The curvature radius of the object side surface of the second lens L2 is R3, and the curvature radius of the image side surface of the second lens L2 is R4, which satisfies the following relationship: -4.08≤(R3+R4)/(R3-R4)≤-0.42. When the shape of the two lens L2 is within the range, as the lens becomes ultra-thin and wide-angle, it is beneficial to correct the problem of axial chromatic aberration. Preferably, -2.55≤(R3+R4)/(R3-R4)≤-0.53.

The on-axis thickness of the second lens L2 is d3, which satisfies the following relationship: 0.06≤d3/TTL≤0.19, which specifies the ratio of the on-axis thickness of the second lens L2 to the total optical length TTL of the imaging optical lens 10, which is conducive to achieving ultra-thin化. Preferably, 0.09≤d3/TTL≤0.15.

The curvature radius of the object side surface of the third lens L3 is R5, and the curvature radius of the image side surface of the third lens L3 is R6, which satisfies the following relationship: 1.29≤(R5+R6)/(R5-R6)≤7.36, which can effectively control the third lens The shape of the lens L3 is conducive to the molding of the third lens L3. Within the specified range of the conditional formula, the degree of deflection of the light passing through the lens can be eased, and aberrations can be effectively reduced. Preferably, 2.06≤(R5+R6)/(R5-R6)≤5.89.

The on-axis thickness of the third lens L3 is d5, which satisfies the following relationship: 0.07≤d5/TTL≤0.30, which specifies the ratio of the on-axis thickness of the third lens L3 to the total optical length TTL of the imaging optical lens 10, which is conducive to achieving ultra-thin化. Preferably, 0.11≤d5/TTL≤0.24.

The focal length of the fourth lens L4 is f4, which satisfies the following relational expression: -9.84≤f4/f≤9.32. The reasonable distribution of optical power enables the system to have better imaging quality and lower sensitivity. Preferably, -6.15≤f4/f≤7.46.

The on-axis thickness of the fourth lens L4 is d7, which satisfies the following relationship: 0.05≤d7/TTL≤0.21, which specifies the ratio of the on-axis thickness of the fourth lens L4 to the total optical length TTL of the imaging optical lens 10, which is conducive to achieving super Thinning. Preferably, 0.07≤d7/TTL≤0.17.

In this embodiment, the combined focal length of the first lens L1 and the second lens L2 is defined as f12, which satisfies the following relational expression: 1.35≤f12/f≤5.22. Within the range of the conditional expression, the imaging optics can be eliminated The aberration and distortion of the lens 10 can suppress the back focal length of the imaging optical lens 10 and maintain the miniaturization of the image lens system group. Preferably, 2.17≤f12/f≤4.18.

In this embodiment, the aperture F number of the imaging optical lens 10 is less than or equal to 1.15. Large aperture, good imaging performance. Preferably, the aperture F number is less than or equal to 1.13.

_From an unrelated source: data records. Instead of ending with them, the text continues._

lemma valid_certificate_claw: "valid_certificate graph_types claw 4 claw_witnesses"
  by code_simp

lemma valid_certificate_path_and_edge:
  "valid_certificate graph_types path_and_edge 5 path_and_edge_witnesses"
  by code_simp

lemma valid_certificate_matching: "valid_certificate graph_types matching 6 matching_witnesses"
  by code_simp

text \<open>Step (j, b) uses the j-th difference of count polynomials to show that class b agrees with the
  classes settled before it.\<close>

definition elimination_order :: "(nat \<times> nat) list" where
  "elimination_order = [(2,1),(2,2),(0,3),(2,4),(2,5),(2,6),(2,7),(0,8),(0,9),(2,10),(2,11),
     (0,12),(2,13),(1,15),(1,16),(1,17),(1,18),(2,19),(0,20),(0,21),(0,22),(0,23),(0,24),(0,25),(0,14)]"

lemma elimination_certificate: "eliminates 26
    [poly_difference 26 4 claw_witnesses 5 path_and_edge_witnesses,
     poly_difference 26 4 claw_witnesses 6 matching_witnesses,
     poly_difference 26 5 path_and_edge_witnesses 6 matching_witnesses] [0] elimination_order"
  by code_simp

lemma graph_type_membership_uniform:
  assumes n: "34 \<le> n" and F: "F \<subseteq> subsets_of_card (edges {0..<n}) 5" "vertex_symmetric n F"
    and count: "\<forall>T \<in> subsets_of_card (edges {0..<n}) 3. card {g \<in> F. T \<subseteq> g} = lam"
    and i: "i < length graph_types"
  shows "graph_of (graph_types ! i) \<in> F \<longleftrightarrow> graph_of (graph_types ! 0) \<in> F"
proof -
  define x where "x i = (of_bool (graph_of (graph_types ! i) \<in> F) :: int)" for i
  define m where "m = int n - 34"
  have G: "\<forall>i < length graph_types. graph_of (graph_types ! i) \<subseteq> edges {0..<n}"
    using graph_types_edges n by (simp add: subsets_of_card_def)
  have eq: "24 * int lam = (\<Sum>i<26. x i * horner (count_poly t Ws i) m)"
    if "valid_certificate graph_types T t Ws" for T t Ws
    using card_supersets_count_poly[OF F n that G] count valid_certificate_edges[OF that n]
    by (simp add: x_def m_def length_graph_types)
  have "\<forall>d \<in> set [poly_difference 26 4 claw_witnesses 5 path_and_edge_witnesses,
      poly_difference 26 4 claw_witnesses 6 matching_witnesses,
      poly_difference 26 5 path_and_edge_witnesses 6 matching_witnesses].
      (\<Sum>i<26. x i * horner (d ! i) m) = 0"
    using eq[OF valid_certificate_claw] eq[OF valid_certificate_path_and_edge]
      eq[OF valid_certificate_matching] by (simp add: sum_horner_poly_difference)
  then have all: "\<forall>i<26. x i = x 0"
    using n by (intro eliminates_correct[OF elimination_certificate]) (auto simp: x_def m_def)
  have "x i = x 0"
    using all[rule_format, of i] i by (simp add: length_graph_types)
  then show ?thesis
    by (simp add: x_def of_bool_eq_iff)
qed
definition matrix_unit :: "'n::finite \<Rightarrow> 'n \<Rightarrow> complex^'n^'n" where
  "matrix_unit l k = (\<chi> a b. if a = l \<and> b = k then 1 else 0)"

lemma cscale_matrix_unit_component:
  "cscale c (matrix_unit l k) $ i $ j = (if i = l \<and> j = k then c else 0)"
  by (simp add: cscale_def matrix_unit_def)

lemma matrix_eq_sum_matrix_units:
  "(X::complex^'n::finite^'n) = (\<Sum>l\<in>UNIV. \<Sum>k\<in>UNIV. cscale (X$l$k) (matrix_unit l k))"
proof -
  have "(\<Sum>k\<in>UNIV. if i = l \<and> j = k then X$l$k else 0) = (if i = l then X$l$j else 0)" for i j l
    by (cases "i = l") simp_all
  then show ?thesis
    by (simp add: vec_eq_iff sum_component cscale_matrix_unit_component)
qed

lemma matrix_mult_matrix_unit_component:
  "((c::complex^'n::finite^'n) ** matrix_unit l k) $ i $ j = (if j = k then c$i$l else 0)"
  by (simp add: matrix_matrix_mult_def matrix_unit_def if_distrib if_distribR cong: if_cong)

lemma cscale_eq_mult: "cscale z W = cscale z (mat 1) ** (W::complex^'n::finite^'n)"
  by (simp add: cscale_def matrix_matrix_mult_def mat_def vec_eq_iff if_distrib if_distribR cong: if_cong)

lemma scaleR_eq_cscale: "r *\<^sub>R W = cscale (complex_of_real r) (W::complex^'n::finite^'n)"
  by (simp only: vec_eq_iff vector_scaleR_component cscale_def vec_lambda_beta)
    (simp add: scaleR_conv_of_real)

definition proj_coeff :: "(complex^'n::finite^'n) set \<Rightarrow> 'n \<Rightarrow> 'n \<Rightarrow> complex^'n^'n" where
  "proj_coeff C j k = (\<chi> i l. orth_proj C (matrix_unit l k) $ i $ j)"
lemma openin_ladder_space:
  "openin (ladder_space s) U \<longleftrightarrow> ladder_open s (Some -` U) \<and>
      (None \<in> U \<longrightarrow> compactin (ladder_topology s) (UNIV - Some -` U))"
proof -
  let ?L = "ladder_topology s"
  let ?P = "\<lambda>U. openin ?L (Some -` U) \<and> (None \<in> U \<longrightarrow> compactin ?L (UNIV - Some -` U))"
  have "istopology ?P"
    unfolding istopology_def
  proof (rule conjI; intro allI impI)
    fix S T assume "?P S" "?P T"
    moreover have "UNIV - Some -` (S \<inter> T) = (UNIV - Some -` S) \<union> (UNIV - Some -` T)" by auto
    ultimately show "?P (S \<inter> T)" by (auto simp: vimage_Int intro: compactin_Un)
  next
    fix K assume K: "\<forall>U\<in>K. ?P U"
    have open_Union: "openin ?L (Some -` \<Union>K)"
      unfolding vimage_Union using K by (intro openin_Union) auto
    moreover have "compactin ?L (UNIV - Some -` \<Union>K)" if "None \<in> \<Union>K"
    proof -
      obtain U where U: "U \<in> K" "None \<in> U" using \<open>None \<in> \<Union>K\<close> by auto
      have "closedin ?L (UNIV - Some -` \<Union>K)" using open_Union by (simp add: closedin_def double_diff)
      moreover have "UNIV - Some -` \<Union>K \<subseteq> UNIV - Some -` U" using U by auto
      ultimately show ?thesis using closed_compactin K U by blast
    qed
    ultimately show "?P (\<Union>K)" by blast
  qed
  then have "openin (ladder_space s) = ?P"
    unfolding ladder_space_def by (rule topology_inverse')
  then show ?thesis by (simp add: openin_ladder_topology)
qed

lemma topspace_ladder_space [simp]: "topspace (ladder_space s) = UNIV"
  using openin_subset[of "ladder_space s" UNIV]
  by (auto simp: openin_ladder_space ladder_open_def)

lemma openin_ladder_space_Some_image:
  "ladder_open s U \<Longrightarrow> openin (ladder_space s) (Some ` U)"
  by (simp add: openin_ladder_space inj_vimage_image_eq)

lemma ladder_open_downward_closed:
  assumes "ladder_system s" "\<And>x y. x \<in> U \<Longrightarrow> y \<le> x \<Longrightarrow> y \<in> U"
  shows "ladder_open s U"
proof -
  have "s \<alpha> n \<in> U" if "\<alpha> \<in> U" "is_limit \<alpha>" for \<alpha> n
    using assms that unfolding ladder_system_def by (meson less_imp_le)
  then show ?thesis unfolding ladder_open_def by simp
qed
(* Let $M$ be a compact translating soliton with boundary in $\mathbb{H}^2\times\mathbb{R}$. Then the height function of $M$ cannot attain a local maximum at any interior point of $M$.
   Context: $\mathbb{H}^2\times\mathbb{R}$ carries the product metric $\langle\cdot,\cdot\rangle$ of the hyperbolic plane of curvature $-1$ and the real line; the height function is the projection onto $\mathbb{R}$ and $\partial_z$ its gradient. An oriented immersed surface $M$ with unit normal $\eta$ and mean curvature $H_M$ (half the trace of the second fundamental form with respect to $\eta$) is a translating soliton if $H_M=\langle\eta,\partial_z\rangle$ at every point. *)

theory Defs
  imports "HOL-Analysis.Analysis"
begin

text \<open>Model of H^2 x R: the upper half-space {(x,y,z). y > 0} with the product metric
  (dx^2 + dy^2)/y^2 + dz^2 (upper half-plane model of the hyperbolic plane of curvature -1,
  times the real line).\<close>

type_synonym pt3 = "real \<times> real \<times> real"

definition in_H2R :: "pt3 \<Rightarrow> bool" where
  "in_H2R q \<longleftrightarrow> fst (snd q) > 0"

definition height :: "pt3 \<Rightarrow> real" where
  "height q = snd (snd q)"

definition gH :: "pt3 \<Rightarrow> pt3 \<Rightarrow> pt3 \<Rightarrow> real" where
  "gH q v w = (fst v * fst w + fst (snd v) * fst (snd w)) / (fst (snd q))^2
              + snd (snd v) * snd (snd w)"

text \<open>Gradient of the height function, partial_z.\<close>
definition dz :: pt3 where "dz = (0, 0, 1)"

text \<open>Christoffel term Gamma(q)(v,w) of the Levi-Civita connection of gH:
  Gamma^x_xy = Gamma^x_yx = -1/y, Gamma^y_xx = 1/y, Gamma^y_yy = -1/y, all others 0.\<close>
definition Gam :: "pt3 \<Rightarrow> pt3 \<Rightarrow> pt3 \<Rightarrow> pt3" where
  "Gam q v w =
     (- (fst v * fst (snd w) + fst (snd v) * fst w) / fst (snd q),
      (fst v * fst w - fst (snd v) * fst (snd w)) / fst (snd q),
      0)"

definition ecoord :: "nat \<Rightarrow> real \<times> real" where
  "ecoord i = (if i = 0 then (1, 0) else (0, 1))"

definition pd :: "(real \<times> real \<Rightarrow> pt3) \<Rightarrow> nat \<Rightarrow> real \<times> real \<Rightarrow> pt3" where
  "pd X i p = frechet_derivative X (at p) (ecoord i)"

definition pd2 :: "(real \<times> real \<Rightarrow> pt3) \<Rightarrow> nat \<Rightarrow> nat \<Rightarrow> real \<times> real \<Rightarrow> pt3" where
  "pd2 X i j p = pd (pd X j) i p"

definition C2_immersion :: "(real \<times> real) set \<Rightarrow> (real \<times> real \<Rightarrow> pt3) \<Rightarrow> bool" where
  "C2_immersion U X \<longleftrightarrow>
     open U \<and>
     (\<forall>p\<in>U. in_H2R (X p)) \<and>
     (\<forall>p\<in>U. X differentiable (at p)) \<and>
     (\<forall>j\<in>{0,1}. \<forall>p\<in>U. pd X j differentiable (at p)) \<and>
     (\<forall>i\<in>{0,1}. \<forall>j\<in>{0,1}. continuous_on U (pd2 X i j)) \<and>
     (\<forall>p\<in>U. \<forall>a b. a *\<^sub>R pd X 0 p + b *\<^sub>R pd X 1 p = 0 \<longrightarrow> a = 0 \<and> b = 0)"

It is worth mentioning that, since the first lens L1, the second lens L2, the third lens L3, and the fourth lens L4 constituting the imaging optical lens 10 of this embodiment have the aforementioned structure and parameter relationship, the imaging The optical lens 10 can reasonably allocate the focal power, surface shape, material, and axial thickness of each lens, etc., and therefore correct various aberrations, and achieve good optical imaging performance while satisfying large aperture, Wide-angle and ultra-thin design requirements.

In addition, the imaging optical lens of this application is a TOF (Time of flight) receiving end lens. The principle of TOF technology is that the transmitting end lens emits an infrared surface light source, which is reflected back on the object, and the receiving end lens receives the reflected infrared light information. This process The 3D recognition process is realized. The working wavelength range of the imaging optical lens of this application is 920nm-960nm.

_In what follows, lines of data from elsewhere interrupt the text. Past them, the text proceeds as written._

lemma D_submodule_PS_const:
  assumes D: "D_submodule n (PS n) I" and "f \<in> I" and f\<beta>: "f \<beta> = u * c"
    and "u dvd 1" "c \<noteq> 0" and dvd: "\<forall>g\<in>I. \<forall>\<alpha>. c dvd g \<alpha>"
  shows "ps_const c \<in> I"
proof -
  have R: "PS n = PS n \<or> PS n = Poly n" by simp
  obtain v where v: "v * u = 1" using \<open>u dvd 1\<close> by (metis dvdE mult.commute)
  have "f \<in> PS n" using D_submoduleD(1)[OF D] \<open>f \<in> I\<close> by blast
  moreover have "f \<beta> \<noteq> 0" using f\<beta> v \<open>c \<noteq> 0\<close> by auto
  ultimately have "exponent_in n \<beta>" by (rule exponent_in_if_nonzero)
  define g where "g = multi_divided_deriv n \<beta> f"
  have "g \<in> I" unfolding g_def using D_submodule_multi_divided_deriv[OF D \<open>f \<in> I\<close>] by simp
  then obtain h where h: "h \<in> PS n" and g: "g = (\<lambda>\<alpha>. c * h \<alpha>)"
    using ex_coeffwise_quotient[OF R _ \<open>c \<noteq> 0\<close>] dvd D_submoduleD(1)[OF D] by blast
  have "c * h (\<lambda>_. 0) = c * u"
    using multi_divided_deriv_at_zero[OF \<open>exponent_in n \<beta>\<close>] f\<beta> g unfolding g_def
    by (metis mult.commute)
  then have "ps_mult (ps_inverse n v h) h = ps_const 1" using \<open>c \<noteq> 0\<close> v h
    by (intro ps_mult_ps_inverse) simp_all
  then have "ps_mult (ps_inverse n v h) g = ps_const c"
    unfolding g ps_mult_scale_right by (simp add: ps_monom_def fun_eq_iff)
  moreover have "ps_mult (ps_inverse n v h) g \<in> I"
    using D_submoduleD(4)[OF D ps_inverse_PS \<open>g \<in> I\<close>] .
  ultimately show ?thesis by simp
qed

lemma D_submodule_const:
  assumes D: "D_submodule n R I" and R: "R = PS n \<or> R = Poly n"
    and "f \<in> I" "f \<beta> = u * c" "u dvd 1" "c \<noteq> 0" "\<forall>g\<in>I. \<forall>\<alpha>. c dvd g \<alpha>"
  shows "ps_const c \<in> I"
  using R
proof
  assume "R = PS n"
  then show ?thesis using D_submodule_PS_const D assms(3-) by blast
next
  assume "R = Poly n"
  then have "ps_const (u * c) \<in> I" using D_submodule_Poly_const_coeff D assms(3,4) by metis
  moreover obtain v where "v * u = 1" using \<open>u dvd 1\<close> by (metis dvdE mult.commute)
  ultimately have "(\<lambda>\<alpha>. v * ps_const (u * c) \<alpha>) \<in> I" using D_submodule_scale[OF D R] by blast
  also have "(\<lambda>\<alpha>. v * ps_const (u * c) \<alpha>) = ps_const c"
    using \<open>v * u = 1\<close> by (auto simp: ps_monom_def mult.assoc[symmetric])
  finally show ?thesis .
qed

lemma dvr_uniformizer_least_valuation:
  fixes pi :: "'a::idom"
  assumes "dvr_uniformizer pi" "a \<in> A" "a \<noteq> 0"
  shows "\<exists>l. (\<exists>b\<in>A. \<exists>u. u dvd 1 \<and> b = u * pi ^ l) \<and> (\<forall>b\<in>A. pi ^ l dvd b)"
proof -
  define P where "P l \<longleftrightarrow> (\<exists>b\<in>A. \<exists>u. u dvd 1 \<and> b = u * pi ^ l)" for l
  have "\<exists>l. P l" using assms unfolding dvr_uniformizer_def P_def by blast
  then have "P (LEAST l. P l)" by (rule LeastI_ex)
  moreover have "pi ^ (LEAST l. P l) dvd b" if "b \<in> A" for b
  proof (cases "b = 0")
    case False
    then obtain v k where "v dvd 1" "b = v * pi ^ k"
      using assms(1) unfolding dvr_uniformizer_def by blast
    moreover from this have "(LEAST l. P l) \<le> k" using \<open>b \<in> A\<close> by (intro Least_le) (auto simp: P_def)
    ultimately show ?thesis by (simp add: le_imp_power_dvd)
  qed simp
  ultimately show ?thesis unfolding P_def by blast
qed
lemma insert_top_succ_in_succ_free_perms:
  assumes vs: "vs \<in> succ_free_perms m" and "x \<le> m"
  shows "insert_after x [Suc (Suc m), Suc x] (map (skip x) vs) \<in> succ_free_perms (Suc (Suc m))"
proof -
  let ?N = "Suc (Suc m)" and ?vs' = "map (skip x) vs"
  have "x \<in> set vs" using assms by (simp add: succ_free_perms_def)
  then obtain as bs where vs_eq: "vs = as @ x # bs" and "x \<notin> set as"
    by (meson split_list_first)
  define as' bs' where "as' = map (skip x) as" and "bs' = map (skip x) bs"
  have skip_x: "skip x x = x" by (simp add: skip_def)
  then have vs'_eq: "?vs' = as' @ x # bs'" by (simp add: vs_eq as'_def bs'_def)
  have "x \<notin> set as'"
    using \<open>x \<notin> set as\<close> skip_x unfolding as'_def by (metis inj_image_mem_iff inj_skip set_map)
  then have ins_eq: "insert_after x [?N, Suc x] ?vs' = as' @ x # ?N # Suc x # bs'"
    by (simp add: vs'_eq insert_after_append)
  note vs' = map_skip_succ_free_perms[OF assms]
  have "distinct (as' @ x # ?N # Suc x # bs')"
    using vs'(1,2) \<open>x \<le> m\<close> unfolding vs'_eq by auto
  moreover have "set (as' @ x # ?N # Suc x # bs') = insert ?N (insert (Suc x) (set ?vs'))"
    unfolding vs'_eq by auto
  moreover have "\<dots> = {0..?N}"
    unfolding vs'(2) using \<open>x \<le> m\<close> by auto
  moreover have "hd (as' @ x # ?N # Suc x # bs') = 0"
    using vs'(3) by (simp add: vs'_eq hd_append split: if_splits)
  moreover have "successively (\<lambda>a b. b \<noteq> Suc a) (as' @ x # ?N # Suc x # bs')"
  proof -
    have "hd bs' \<noteq> Suc (Suc x)" if "bs' \<noteq> []"
    proof -
      have "hd bs \<noteq> Suc x"
        using vs that
        by (auto simp: succ_free_perms_def vs_eq bs'_def successively_append_iff successively_Cons)
      then show ?thesis using that by (auto simp: bs'_def hd_map skip_def)
    qed
    then show ?thesis
      using vs'(4) \<open>x \<le> m\<close>
      by (auto simp: vs'_eq successively_append_iff successively_Cons)
  qed
  ultimately show ?thesis
    unfolding ins_eq succ_free_perms_def by simp
qed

TTL: Total optical length (the on-axis distance from the object side of the first lens L1 to the imaging surface), in mm.

FIG. 1 is a schematic diagram of the structure of an imaging optical lens 10 in the first embodiment.

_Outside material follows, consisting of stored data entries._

text \<open>H < G is relatively sofic over K, with the witness groups G'_i having elements of
  type 'w (given by the first argument).\<close>
definition relatively_sofic_in ::
  "'w itself \<Rightarrow> ('a, 'b) monoid_scheme \<Rightarrow> 'a set \<Rightarrow> ('k, 'c) monoid_scheme \<Rightarrow> bool" where
  "relatively_sofic_in _ G H K \<longleftrightarrow>
     (\<exists>(G' :: nat \<Rightarrow> 'w monoid) (H' :: nat \<Rightarrow> 'w set).
        (\<forall>i. group (G' i) \<and> sofic (G' i) \<and> subgroup (H' i) (G' i) \<and>
             amenable ((G' i)\<lparr>carrier := H' i\<rparr>)) \<and>
        (\<exists>\<omega> \<pi>. free_ultrafilter \<omega> \<and>
           \<pi> \<in> hom G (ultraprod \<omega> (\<lambda>i. G' i \<times>\<times> K)) \<and> inj_on \<pi> (carrier G) \<and>
           \<pi> ` carrier G \<inter> ultra_subset \<omega> (\<lambda>i. G' i \<times>\<times> K) (\<lambda>i. H' i \<times> carrier K) = \<pi> ` H))"

end

theory Submission
  imports Defs
begin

The design data of the imaging optical lens 10 in the first embodiment of the present invention is shown below. Table 1 lists the object side and image side curvature radius R of the first lens L1 to the fourth lens L4 constituting the imaging optical lens 10 in the first embodiment of the present invention, the center thickness of the lens, the distance d between the lenses, and the refractive index. nd and Abbe number vd. Table 2 shows the conic coefficient k and the aspherical coefficient of the imaging optical lens 10. It should be noted that, in this embodiment, the unit of distance, radius, and center thickness is millimeter (mm).

【Table 1】

The meaning of each symbol in the above table is as follows.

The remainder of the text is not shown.